[Supplied records — start]

(* Let $\mathcal T$ and $\mathcal S$ be triangulated categories and let $T:\mathcal S\to\mathcal T$ be a triangle functor. Suppose $T$ has a left (respectively right) adjoint $S$. Then an object $Q$ of $\mathcal S$ is $T$-relative projective (respectively $T$-relative injective) if and only if $Q$ lies in $\mathrm{add}(\mathrm{im}(S))$.
   Context: An object $Q$ of $\mathcal S$ is $T$-relative projective if the natural transformation $\mathcal S(Q,-)\to\mathcal T(TQ,T-)$ induced by $T$ is injective, and $T$-relative injective if the natural transformation $\mathcal S(-,Q)\to\mathcal T(T-,TQ)$ induced by $T$ is injective. $\mathrm{add}(\mathrm{im}(S))$ is the full subcategory of direct summands of finite direct sums of objects $S(L)$, $L$ in $\mathcal T$. *)

theory Defs
  imports Main
begin

text \<open>Triangles are triples (u,v,w) with
u : X -> Y, v : Y -> Z, w : Z -> Sigma X.\<close>

record ('o,'m) tricat =
  Obj :: "'o set"
  Arr :: "'m set"
  Dom :: "'m \<Rightarrow> 'o"
  Cod :: "'m \<Rightarrow> 'o"
  Cmp :: "'m \<Rightarrow> 'm \<Rightarrow> 'm"   (* Cmp g f = g o f *)
  Idn :: "'o \<Rightarrow> 'm"
  Zro :: "'o \<Rightarrow> 'o \<Rightarrow> 'm"
  Pls :: "'m \<Rightarrow> 'm \<Rightarrow> 'm"
  Ngt :: "'m \<Rightarrow> 'm"
  ShO :: "'o \<Rightarrow> 'o"
  ShA :: "'m \<Rightarrow> 'm"
  Dist :: "('m \<times> 'm \<times> 'm) set"

definition hom :: "('o,'m) tricat \<Rightarrow> 'o \<Rightarrow> 'o \<Rightarrow> 'm set" where
  "hom C X Y = {f \<in> Arr C. Dom C f = X \<and> Cod C f = Y}"

definition category :: "('o,'m) tricat \<Rightarrow> bool" where
  "category C \<longleftrightarrow>
     (\<forall>f\<in>Arr C. Dom C f \<in> Obj C \<and> Cod C f \<in> Obj C) \<and>
     (\<forall>X\<in>Obj C. Idn C X \<in> hom C X X) \<and>
     (\<forall>X Y Z f g. f \<in> hom C X Y \<longrightarrow> g \<in> hom C Y Z \<longrightarrow> Cmp C g f \<in> hom C X Z) \<and>
     (\<forall>X Y Z W f g h. f \<in> hom C X Y \<longrightarrow> g \<in> hom C Y Z \<longrightarrow> h \<in> hom C Z W \<longrightarrow>
         Cmp C h (Cmp C g f) = Cmp C (Cmp C h g) f) \<and>
     (\<forall>X Y f. f \<in> hom C X Y \<longrightarrow> Cmp C f (Idn C X) = f \<and> Cmp C (Idn C Y) f = f)"

definition preadditive :: "('o,'m) tricat \<Rightarrow> bool" where
  "preadditive C \<longleftrightarrow> category C \<and>
     (\<forall>X\<in>Obj C. \<forall>Y\<in>Obj C.
        Zro C X Y \<in> hom C X Y \<and>
        (\<forall>f\<in>hom C X Y. \<forall>g\<in>hom C X Y. Pls C f g \<in> hom C X Y) \<and>
        (\<forall>f\<in>hom C X Y. Ngt C f \<in> hom C X Y) \<and>
        (\<forall>f\<in>hom C X Y. \<forall>g\<in>hom C X Y. \<forall>h\<in>hom C X Y.
            Pls C (Pls C f g) h = Pls C f (Pls C g h)) \<and>
        (\<forall>f\<in>hom C X Y. \<forall>g\<in>hom C X Y. Pls C f g = Pls C g f) \<and>
        (\<forall>f\<in>hom C X Y. Pls C f (Zro C X Y) = f) \<and>
        (\<forall>f\<in>hom C X Y. Pls C f (Ngt C f) = Zro C X Y)) \<and>
     (\<forall>X Y Z f g g'. f \<in> hom C X Y \<longrightarrow> g \<in> hom C Y Z \<longrightarrow> g' \<in> hom C Y Z \<longrightarrow>
         Cmp C (Pls C g g') f = Pls C (Cmp C g f) (Cmp C g' f)) \<and>
     (\<forall>X Y Z f f' g. f \<in> hom C X Y \<longrightarrow> f' \<in> hom C X Y \<longrightarrow> g \<in> hom C Y Z \<longrightarrow>
         Cmp C g (Pls C f f') = Pls C (Cmp C g f) (Cmp C g f'))"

[Supplied records — finish]

Assigned task: What is needed is each line from the records with the word "where" in it.

Written response:
definition hom :: "('o,'m) tricat \<Rightarrow> 'o \<Rightarrow> 'o \<Rightarrow> 'm set" where
definition category :: "('o,'m) tricat \<Rightarrow> bool" where
definition preadditive :: "('o,'m) tricat \<Rightarrow> bool" where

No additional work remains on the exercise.